Драматическая семейная ситуация и особая доверительность детско-родительских отношений вызывала в редчайших случаях откровенное обсуждение вступления в пионеры как политического акта:
"Детство у меня было очень счастливое, деревенское, друзей-сверстников было много, кино каждый день, маму я страшно любила, а она меня… И никаких политических интересов за собой не припомню. Политика была где-то на другой планете. Так было до тех пор, когда надо было вступать или не вступать в пионеры. То есть я и спрашивать у мамы не собиралась – все вступали и я туда же. Кроме того, мне нравились галстуки. Но тут мама сказала, скорее даже предупредила: тебя могут не принять. Я знала, что мама сидела в лагере, что я там родилась, но как-то это не связывалось у меня с возможностью или невозможностью носить красный галстук (мне хотелось не шелковый, а сатиновый, он казался красивей, возможно, потому, что его в наши времена носили уже довольно редко; он был настоящий, старинный…).

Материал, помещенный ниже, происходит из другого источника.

(* Let $\{(\Gamma_t,\theta_t)\}_{t\in[0,\underline t)}$ evolve by $\partial_t\gamma=\kappa\nu_\theta+\upsilon_T T$, $\partial_t\theta=\upsilon_\theta$, where for all $t\in[0,\underline t)$ and all $s\in\mathbb{R}/L(\Gamma_t)\mathbb{Z}$ (arclength measured from the point $u=0$) the tangential velocity satisfies $$\upsilon_T(t,s)=\upsilon_{T,0}(t)+\int_0^s\kappa\psi_1\,d\bar s-\frac{s}{L(\Gamma_t)}\int_{\Gamma_t}\kappa\psi_1\,d\bar s,$$ with $\upsilon_{T,0}\in\mathcal C^1([0,\underline t))$ arbitrary. Then for every $u\in S^1$ the quantity $g(t,u)/L(\Gamma_t)$ is constant in $t$.
   Context: $S^1=\mathbb{R}/2\pi\mathbb{Z}$; $\Gamma_t$ is a closed curve parametrized by $\gamma(t,\cdot):S^1\to\mathbb{R}^3$, $g=\|\partial_u\gamma\|$, $ds=g\,du$, $\partial_s=g^{-1}\partial_u$, $L(\Gamma_t)=\int_{\Gamma_t}ds$ its length. $T,N,B$ is the Frenet frame, $\kappa$ the curvature. For an angle function $\theta(t,u)\in S^1$, $\nu_\theta=\cos\theta\,N+\sin\theta\,B$ and $\psi_1=\kappa\cos\theta$ (note $\kappa\nu_\theta=\cos\theta\,\partial_s^2\gamma+\sin\theta\,\partial_s\gamma\times\partial_s^2\gamma$). $\upsilon_\theta$ is a given $\mathcal C^1$ function. *)

theory Defs
  imports "HOL-Analysis.Analysis"
begin

text \<open>Space-time functions are uncurried maps on I x R, where I is the time interval
  (here [0, tb)) and the second coordinate u is the curve parameter (2 pi-periodic).\<close>

definition Dt :: "real set \<Rightarrow> (real \<times> real \<Rightarrow> 'a::real_normed_vector) \<Rightarrow> real \<times> real \<Rightarrow> 'a" where
  "Dt I F p = vector_derivative (\<lambda>\<tau>. F (\<tau>, snd p)) (at (fst p) within I)"

definition Du :: "(real \<times> real \<Rightarrow> 'a::real_normed_vector) \<Rightarrow> real \<times> real \<Rightarrow> 'a" where
  "Du F p = vector_derivative (\<lambda>v. F (fst p, v)) (at (snd p))"

fun iterD :: "real set \<Rightarrow> bool list \<Rightarrow> (real \<times> real \<Rightarrow> 'a::real_normed_vector) \<Rightarrow> real \<times> real \<Rightarrow> 'a" where
  "iterD I [] F = F"
| "iterD I (b # bs) F = (if b then Dt I (iterD I bs F) else Du (iterD I bs F))"

definition Ck_on :: "real set \<Rightarrow> nat \<Rightarrow> (real \<times> real \<Rightarrow> 'a::real_normed_vector) \<Rightarrow> bool" where
  "Ck_on I k F \<longleftrightarrow>
     (\<forall>bs. length bs \<le> k \<longrightarrow>
        continuous_on (Sigma I (\<lambda>_. UNIV)) (iterD I bs F) \<and>
        (length bs < k \<longrightarrow> (\<forall>p \<in> Sigma I (\<lambda>_. UNIV).
           ((\<lambda>\<tau>. iterD I bs F (\<tau>, snd p)) has_vector_derivative Dt I (iterD I bs F) p) (at (fst p) within I) \<and>
           ((\<lambda>v. iterD I bs F (fst p, v)) has_vector_derivative Du (iterD I bs F) p) (at (snd p)))))"

definition smooth_on_st :: "real set \<Rightarrow> (real \<times> real \<Rightarrow> 'a::real_normed_vector) \<Rightarrow> bool" where
  "smooth_on_st I F \<longleftrightarrow> (\<forall>k. Ck_on I k F)"

definition C1_time :: "real set \<Rightarrow> (real \<Rightarrow> real) \<Rightarrow> bool" where
  "C1_time I f \<longleftrightarrow> (\<exists>D. (\<forall>t\<in>I. (f has_real_derivative D t) (at t within I)) \<and> continuous_on I D)"

definition speed :: "(real \<Rightarrow> real \<Rightarrow> real^3) \<Rightarrow> real \<Rightarrow> real \<Rightarrow> real" where
  "speed \<gamma> t u = norm (vector_derivative (\<gamma> t) (at u))"

definition dS :: "(real \<Rightarrow> real \<Rightarrow> real^3) \<Rightarrow> (real \<Rightarrow> real \<Rightarrow> real^3) \<Rightarrow> real \<Rightarrow> real \<Rightarrow> real^3" where
  "dS \<gamma> f t u = (1 / speed \<gamma> t u) *\<^sub>R vector_derivative (f t) (at u)"

definition tangent :: "(real \<Rightarrow> real \<Rightarrow> real^3) \<Rightarrow> real \<Rightarrow> real \<Rightarrow> real^3" where
  "tangent \<gamma> = dS \<gamma> \<gamma>"

definition curv_vec :: "(real \<Rightarrow> real \<Rightarrow> real^3) \<Rightarrow> real \<Rightarrow> real \<Rightarrow> real^3" where
  "curv_vec \<gamma> = dS \<gamma> (tangent \<gamma>)"

definition curvature :: "(real \<Rightarrow> real \<Rightarrow> real^3) \<Rightarrow> real \<Rightarrow> real \<Rightarrow> real" where
  "curvature \<gamma> t u = norm (curv_vec \<gamma> t u)"

definition curve_length :: "(real \<Rightarrow> real \<Rightarrow> real^3) \<Rightarrow> real \<Rightarrow> real" where
  "curve_length \<gamma> t = integral {0..2*pi} (speed \<gamma> t)"

definition arclength :: "(real \<Rightarrow> real \<Rightarrow> real^3) \<Rightarrow> real \<Rightarrow> real \<Rightarrow> real" where
  "arclength \<gamma> t u = integral {0..u} (speed \<gamma> t)"

definition psi1 :: "(real \<Rightarrow> real \<Rightarrow> real^3) \<Rightarrow> (real \<Rightarrow> real \<Rightarrow> real) \<Rightarrow> real \<Rightarrow> real \<Rightarrow> real" where
  "psi1 \<gamma> \<theta> t u = curvature \<gamma> t u * cos (\<theta> t u)"

definition kappa_nu :: "(real \<Rightarrow> real \<Rightarrow> real^3) \<Rightarrow> (real \<Rightarrow> real \<Rightarrow> real) \<Rightarrow> real \<Rightarrow> real \<Rightarrow> real^3" where
  "kappa_nu \<gamma> \<theta> t u = cos (\<theta> t u) *\<^sub>R curv_vec \<gamma> t u
                        + sin (\<theta> t u) *\<^sub>R cross3 (tangent \<gamma> t u) (curv_vec \<gamma> t u)"

text \<open>Tangential velocity, written at the point with parameter u in [0, 2 pi], i.e. at arclength
  s = arclength gamma t u:  vT0 t + int_0^s kappa psi1 ds - s/L int_Gamma kappa psi1 ds.\<close>
definition tangential_velocity ::
  "(real \<Rightarrow> real \<Rightarrow> real^3) \<Rightarrow> (real \<Rightarrow> real \<Rightarrow> real) \<Rightarrow> (real \<Rightarrow> real) \<Rightarrow> real \<Rightarrow> real \<Rightarrow> real" where
  "tangential_velocity \<gamma> \<theta> vT0 t u =
     vT0 t
     + integral {0..u} (\<lambda>v. curvature \<gamma> t v * psi1 \<gamma> \<theta> t v * speed \<gamma> t v)
     - arclength \<gamma> t u / curve_length \<gamma> t
         * integral {0..2*pi} (\<lambda>v. curvature \<gamma> t v * psi1 \<gamma> \<theta> t v * speed \<gamma> t v)"

end

theory Submission
  imports Defs
begin

text \<open>Write \<open>V = \<partial>\<^sub>t\<gamma> = \<kappa>\<nu>\<^sub>\<theta> + \<upsilon>\<^sub>T T\<close>. Differentiating \<open>g = |\<partial>\<^sub>u\<gamma>|\<close> in time and
  commuting the mixed partials gives \<open>\<partial>\<^sub>t g = g \<langle>\<partial>\<^sub>s V, T\<rangle> = g (\<partial>\<^sub>s \<upsilon>\<^sub>T - \<kappa>\<psi>\<^sub>1)\<close>, because
  \<open>\<langle>V, \<partial>\<^sub>s T\<rangle> = \<langle>\<kappa>\<nu>\<^sub>\<theta>, \<kappa>N\<rangle> = \<kappa>\<psi>\<^sub>1\<close>. The prescribed tangential velocity has
  \<open>\<partial>\<^sub>s \<upsilon>\<^sub>T = \<kappa>\<psi>\<^sub>1 - L\<^sup>-\<^sup>1 \<integral>\<kappa>\<psi>\<^sub>1 ds\<close>, so \<open>\<partial>\<^sub>t log g\<close> does not depend on \<open>u\<close>.
  Hence \<open>g(t,u) / g(t,u')\<close> is constant in time, and integrating over \<open>u'\<close> turns this into the
  constancy of \<open>g / L\<close>.\<close>

lemma smooth_on_st_imp_Ck_on: "smooth_on_st I F \<Longrightarrow> Ck_on I k F"
  unfolding smooth_on_st_def by blast

lemma Ck_on_has_vector_derivative_t:
  assumes "Ck_on I k F" "length bs < k" "t \<in> I"
  shows "((\<lambda>\<tau>. iterD I bs F (\<tau>, u)) has_vector_derivative Dt I (iterD I bs F) (t, u)) (at t within I)"
  using assms unfolding Ck_on_def by fastforce

lemma Ck_on_has_vector_derivative_u:
  assumes "Ck_on I k F" "length bs < k" "t \<in> I"
  shows "((\<lambda>v. iterD I bs F (t, v)) has_vector_derivative Du (iterD I bs F) (t, u)) (at u)"
  using assms unfolding Ck_on_def by fastforce

lemma Ck_on_continuous_on:
  "Ck_on I k F \<Longrightarrow> length bs \<le> k \<Longrightarrow> continuous_on (I \<times> UNIV) (iterD I bs F)"
  unfolding Ck_on_def by blast

lemma Ck_on_continuous_on_u:
  assumes "Ck_on I k F" "length bs \<le> k" "t \<in> I"
  shows "continuous_on S (\<lambda>v. iterD I bs F (t, v))"
  by (rule continuous_on_compose2[OF Ck_on_continuous_on[OF assms(1,2)]])
     (use assms(3) in \<open>auto intro!: continuous_intros\<close>)

lemma Ck_on_continuous_on_t:
  assumes "Ck_on I k F" "length bs \<le> k" "S \<subseteq> I"
  shows "continuous_on S (\<lambda>\<tau>. iterD I bs F (\<tau>, u))"
  by (rule continuous_on_compose2[OF Ck_on_continuous_on[OF assms(1,2)]])
     (use assms(3) in \<open>auto intro!: continuous_intros\<close>)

Из маминого объяснения мне стало понятно, что вступать в пионеры не стоит, хотя бы потому, что могут не принять из-за маминой судимости… Ну, я и не вступала. Но в конце концов вступила, потому что, во-первых, очень-очень позвали, а во-вторых надвигалось ноябрьское факельное шествие пионеров и комсомольцев через весь поселок к братской могиле неизвестных красноармейцев, похороненных у водокачки. Уж очень мне хотелось принять участие. Я и приняла" (А. Б. Интервью 4. Личный архив автора).
Лично я ко вступлению в пионеры отнеслась со скукой, с неловкостью и даже ничего не "изобразила" перед поздравившей меня мамой. Хотя понимала, что надо бы изобразить радость и ответственность.
У моего собеседника А.К. на пионерские годы пришелся резкий перелом мироотношения: "Финал детсада и начальная школа до 4 класса – период полного подчинения идеологии, период обожания Сталина (мой отец – думал я – немножко похож на Сталина). Прямого давления не было, я и без того был впечатлительный и пылкий мальчик и в каком-то смысле был романтиком строя, формы, красных галстуков. Пионерия и власть старших меня убаюкивали, мне было хорошо и комфортно в этом деревянном царстве единства, все были бедные, все ненавидели поджигателей войны… я хотел быть как Ленин, учился на пятерки, точил карандаши как Ленин… дома гладил сам шелковый пионерский галстук, учился подшивать воротничок… Думаю, что суггестия партийной опеки в школе и отчасти в семье до 10 лет работала весьма эффективно… и вдруг! И вдруг (пубертация) в 12 лет я восстал. Все, что говорили старшие, все, что орали по радио, все, что делалось строем, по ранжиру, вызвало у меня смех, отвращение и полное отрицание. Кульминация – я написал школьное сочинение о том, что Павел Корчагин не может быть примером для нас, потому что он фанатик… и мне этот выпад сошел с рук, обсуждение в классе шло вяло и скучно. Финал хрущевской эпохи вообще был безвольным… Одним словом, лозунги работали только на уровне эмоций, а стоило только включить мозги и химеры патетики начинали пятиться" (А. К. Интервью 6. Личный архив автора).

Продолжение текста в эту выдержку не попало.